### WHAT YOU HAVE TO DO
Nothing outside the stretch is wanted. Repeat exactly the lines of the listing below from the one that contains "unfolding second_difference_def by (simp" through the one that contains "by (rule MVT2[OF s]) (intro DERIV_diff", both ends included.

[RECORDS FOR THIS EXERCISE — start]

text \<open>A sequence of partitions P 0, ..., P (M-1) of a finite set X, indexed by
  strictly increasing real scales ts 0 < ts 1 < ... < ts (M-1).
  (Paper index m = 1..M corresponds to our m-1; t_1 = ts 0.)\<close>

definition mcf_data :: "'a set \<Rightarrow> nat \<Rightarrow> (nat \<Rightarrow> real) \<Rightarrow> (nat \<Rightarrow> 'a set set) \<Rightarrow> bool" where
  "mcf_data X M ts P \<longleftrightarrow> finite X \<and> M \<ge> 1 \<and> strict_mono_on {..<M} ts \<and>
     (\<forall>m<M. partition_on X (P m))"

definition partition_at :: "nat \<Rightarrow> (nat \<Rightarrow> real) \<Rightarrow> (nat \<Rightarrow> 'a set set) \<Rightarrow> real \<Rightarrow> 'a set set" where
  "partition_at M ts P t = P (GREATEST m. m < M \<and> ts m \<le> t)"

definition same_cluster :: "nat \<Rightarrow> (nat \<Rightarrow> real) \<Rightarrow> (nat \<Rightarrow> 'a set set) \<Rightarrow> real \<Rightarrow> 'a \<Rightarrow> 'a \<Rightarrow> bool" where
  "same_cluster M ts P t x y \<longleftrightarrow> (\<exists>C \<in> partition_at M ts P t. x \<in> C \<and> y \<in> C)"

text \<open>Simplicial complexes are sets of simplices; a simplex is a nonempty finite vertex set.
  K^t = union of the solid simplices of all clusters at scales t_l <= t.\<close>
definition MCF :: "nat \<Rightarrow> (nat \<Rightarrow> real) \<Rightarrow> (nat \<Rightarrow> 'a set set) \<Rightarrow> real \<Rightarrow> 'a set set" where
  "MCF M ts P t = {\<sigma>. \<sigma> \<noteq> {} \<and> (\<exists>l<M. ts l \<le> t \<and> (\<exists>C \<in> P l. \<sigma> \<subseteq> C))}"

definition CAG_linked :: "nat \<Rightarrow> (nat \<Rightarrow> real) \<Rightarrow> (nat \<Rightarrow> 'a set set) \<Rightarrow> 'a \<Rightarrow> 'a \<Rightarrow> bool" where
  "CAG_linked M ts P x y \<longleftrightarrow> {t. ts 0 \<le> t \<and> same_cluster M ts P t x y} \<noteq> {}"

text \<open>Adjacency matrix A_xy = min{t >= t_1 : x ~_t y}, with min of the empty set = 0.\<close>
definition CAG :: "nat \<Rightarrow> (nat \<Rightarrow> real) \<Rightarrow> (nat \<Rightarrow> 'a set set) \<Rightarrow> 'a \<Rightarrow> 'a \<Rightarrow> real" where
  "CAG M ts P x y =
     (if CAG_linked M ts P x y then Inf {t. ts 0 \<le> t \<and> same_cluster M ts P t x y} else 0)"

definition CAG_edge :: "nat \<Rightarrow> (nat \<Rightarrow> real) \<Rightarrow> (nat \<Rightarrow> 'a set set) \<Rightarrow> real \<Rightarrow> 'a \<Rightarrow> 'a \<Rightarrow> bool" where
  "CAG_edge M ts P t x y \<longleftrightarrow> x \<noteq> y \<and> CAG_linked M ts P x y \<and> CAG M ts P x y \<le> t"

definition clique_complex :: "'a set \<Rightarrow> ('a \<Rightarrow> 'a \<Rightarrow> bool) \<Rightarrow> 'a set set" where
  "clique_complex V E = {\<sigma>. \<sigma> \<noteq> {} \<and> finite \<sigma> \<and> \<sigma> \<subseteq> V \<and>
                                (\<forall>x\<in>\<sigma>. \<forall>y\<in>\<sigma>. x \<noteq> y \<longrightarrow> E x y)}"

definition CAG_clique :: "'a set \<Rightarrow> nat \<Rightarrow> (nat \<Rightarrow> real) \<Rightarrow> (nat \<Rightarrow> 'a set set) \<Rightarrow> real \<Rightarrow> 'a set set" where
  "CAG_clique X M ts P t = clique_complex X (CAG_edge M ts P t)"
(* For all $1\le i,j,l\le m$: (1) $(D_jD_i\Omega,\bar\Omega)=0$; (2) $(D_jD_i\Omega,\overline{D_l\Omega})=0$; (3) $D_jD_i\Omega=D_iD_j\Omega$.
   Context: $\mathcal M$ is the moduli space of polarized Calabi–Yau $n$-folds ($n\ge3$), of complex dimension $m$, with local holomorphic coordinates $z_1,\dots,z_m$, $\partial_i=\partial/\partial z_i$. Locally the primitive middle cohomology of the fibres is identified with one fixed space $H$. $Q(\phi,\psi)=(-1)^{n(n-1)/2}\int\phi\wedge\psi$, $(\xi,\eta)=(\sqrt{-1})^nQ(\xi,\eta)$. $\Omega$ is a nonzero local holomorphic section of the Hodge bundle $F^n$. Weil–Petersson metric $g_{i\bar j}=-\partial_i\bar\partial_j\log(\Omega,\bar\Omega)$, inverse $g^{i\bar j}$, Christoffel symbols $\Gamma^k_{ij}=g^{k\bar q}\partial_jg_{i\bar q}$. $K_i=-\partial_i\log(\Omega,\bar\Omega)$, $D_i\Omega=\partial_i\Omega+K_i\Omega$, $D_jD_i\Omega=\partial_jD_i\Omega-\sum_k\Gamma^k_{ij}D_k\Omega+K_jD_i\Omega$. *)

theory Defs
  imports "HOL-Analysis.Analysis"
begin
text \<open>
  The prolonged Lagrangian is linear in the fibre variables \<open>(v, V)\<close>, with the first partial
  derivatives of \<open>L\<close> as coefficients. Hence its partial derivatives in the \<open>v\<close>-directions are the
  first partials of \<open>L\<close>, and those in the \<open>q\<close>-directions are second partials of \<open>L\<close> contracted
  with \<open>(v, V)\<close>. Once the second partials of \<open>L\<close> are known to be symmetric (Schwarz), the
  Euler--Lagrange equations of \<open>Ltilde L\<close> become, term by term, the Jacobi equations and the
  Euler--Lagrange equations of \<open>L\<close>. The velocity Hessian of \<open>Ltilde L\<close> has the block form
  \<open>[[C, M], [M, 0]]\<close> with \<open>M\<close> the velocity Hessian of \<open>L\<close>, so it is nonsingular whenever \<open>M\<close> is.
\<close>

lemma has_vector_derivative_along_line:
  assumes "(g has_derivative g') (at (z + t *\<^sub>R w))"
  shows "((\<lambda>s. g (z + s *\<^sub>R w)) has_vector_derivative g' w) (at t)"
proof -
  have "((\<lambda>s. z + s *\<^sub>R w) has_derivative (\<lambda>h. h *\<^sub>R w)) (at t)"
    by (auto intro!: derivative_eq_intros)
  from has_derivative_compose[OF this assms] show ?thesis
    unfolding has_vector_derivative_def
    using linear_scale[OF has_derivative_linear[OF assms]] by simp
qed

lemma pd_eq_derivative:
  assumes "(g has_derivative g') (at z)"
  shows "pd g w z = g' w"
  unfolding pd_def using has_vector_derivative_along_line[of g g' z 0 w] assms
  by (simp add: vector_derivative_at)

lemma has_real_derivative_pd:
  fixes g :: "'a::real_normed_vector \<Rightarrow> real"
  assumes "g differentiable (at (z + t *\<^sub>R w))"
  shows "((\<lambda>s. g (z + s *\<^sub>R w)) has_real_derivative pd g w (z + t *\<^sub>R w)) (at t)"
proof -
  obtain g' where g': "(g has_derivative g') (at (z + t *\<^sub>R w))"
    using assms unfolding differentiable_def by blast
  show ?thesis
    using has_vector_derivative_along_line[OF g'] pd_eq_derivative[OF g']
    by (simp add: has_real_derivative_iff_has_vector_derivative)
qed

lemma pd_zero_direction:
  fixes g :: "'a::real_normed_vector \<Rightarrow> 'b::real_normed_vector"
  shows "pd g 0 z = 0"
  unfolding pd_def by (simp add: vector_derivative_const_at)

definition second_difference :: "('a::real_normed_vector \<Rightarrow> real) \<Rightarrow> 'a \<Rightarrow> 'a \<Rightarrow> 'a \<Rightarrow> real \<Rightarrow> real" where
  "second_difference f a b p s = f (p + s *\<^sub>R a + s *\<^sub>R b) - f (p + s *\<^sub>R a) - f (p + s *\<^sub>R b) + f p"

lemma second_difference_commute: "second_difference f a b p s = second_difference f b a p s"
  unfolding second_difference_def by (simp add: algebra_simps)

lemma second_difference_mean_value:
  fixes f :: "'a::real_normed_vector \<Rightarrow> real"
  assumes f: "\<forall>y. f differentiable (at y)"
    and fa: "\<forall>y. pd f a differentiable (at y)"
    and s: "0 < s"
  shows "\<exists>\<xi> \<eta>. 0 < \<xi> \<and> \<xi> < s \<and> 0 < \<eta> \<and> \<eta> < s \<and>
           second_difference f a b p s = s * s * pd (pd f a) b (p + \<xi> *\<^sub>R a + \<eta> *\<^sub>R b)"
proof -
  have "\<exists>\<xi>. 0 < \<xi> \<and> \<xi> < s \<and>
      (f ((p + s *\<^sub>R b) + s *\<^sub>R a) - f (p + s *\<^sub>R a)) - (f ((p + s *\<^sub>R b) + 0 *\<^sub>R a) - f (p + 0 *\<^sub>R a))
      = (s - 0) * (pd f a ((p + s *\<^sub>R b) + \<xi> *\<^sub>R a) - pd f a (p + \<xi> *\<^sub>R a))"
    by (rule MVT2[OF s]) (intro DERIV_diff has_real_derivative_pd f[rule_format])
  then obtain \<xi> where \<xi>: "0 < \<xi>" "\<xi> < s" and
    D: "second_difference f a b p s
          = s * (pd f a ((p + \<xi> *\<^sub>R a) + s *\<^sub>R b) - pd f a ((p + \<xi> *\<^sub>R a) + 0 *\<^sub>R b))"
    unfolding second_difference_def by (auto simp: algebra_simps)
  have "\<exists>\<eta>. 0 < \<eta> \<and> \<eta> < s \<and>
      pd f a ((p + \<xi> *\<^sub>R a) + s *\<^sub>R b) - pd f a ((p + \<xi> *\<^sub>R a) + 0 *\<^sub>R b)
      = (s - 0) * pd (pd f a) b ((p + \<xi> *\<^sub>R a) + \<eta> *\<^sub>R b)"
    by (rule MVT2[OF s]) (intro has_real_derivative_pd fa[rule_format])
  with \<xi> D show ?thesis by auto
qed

[RECORDS FOR THIS EXERCISE — finish]

### COMPLETED EXERCISE
  unfolding second_difference_def by (simp add: algebra_simps)

lemma second_difference_mean_value:
  fixes f :: "'a::real_normed_vector \<Rightarrow> real"
  assumes f: "\<forall>y. f differentiable (at y)"
    and fa: "\<forall>y. pd f a differentiable (at y)"
    and s: "0 < s"
  shows "\<exists>\<xi> \<eta>. 0 < \<xi> \<and> \<xi> < s \<and> 0 < \<eta> \<and> \<eta> < s \<and>
           second_difference f a b p s = s * s * pd (pd f a) b (p + \<xi> *\<^sub>R a + \<eta> *\<^sub>R b)"
proof -
  have "\<exists>\<xi>. 0 < \<xi> \<and> \<xi> < s \<and>
      (f ((p + s *\<^sub>R b) + s *\<^sub>R a) - f (p + s *\<^sub>R a)) - (f ((p + s *\<^sub>R b) + 0 *\<^sub>R a) - f (p + 0 *\<^sub>R a))
      = (s - 0) * (pd f a ((p + s *\<^sub>R b) + \<xi> *\<^sub>R a) - pd f a (p + \<xi> *\<^sub>R a))"
    by (rule MVT2[OF s]) (intro DERIV_diff has_real_derivative_pd f[rule_format])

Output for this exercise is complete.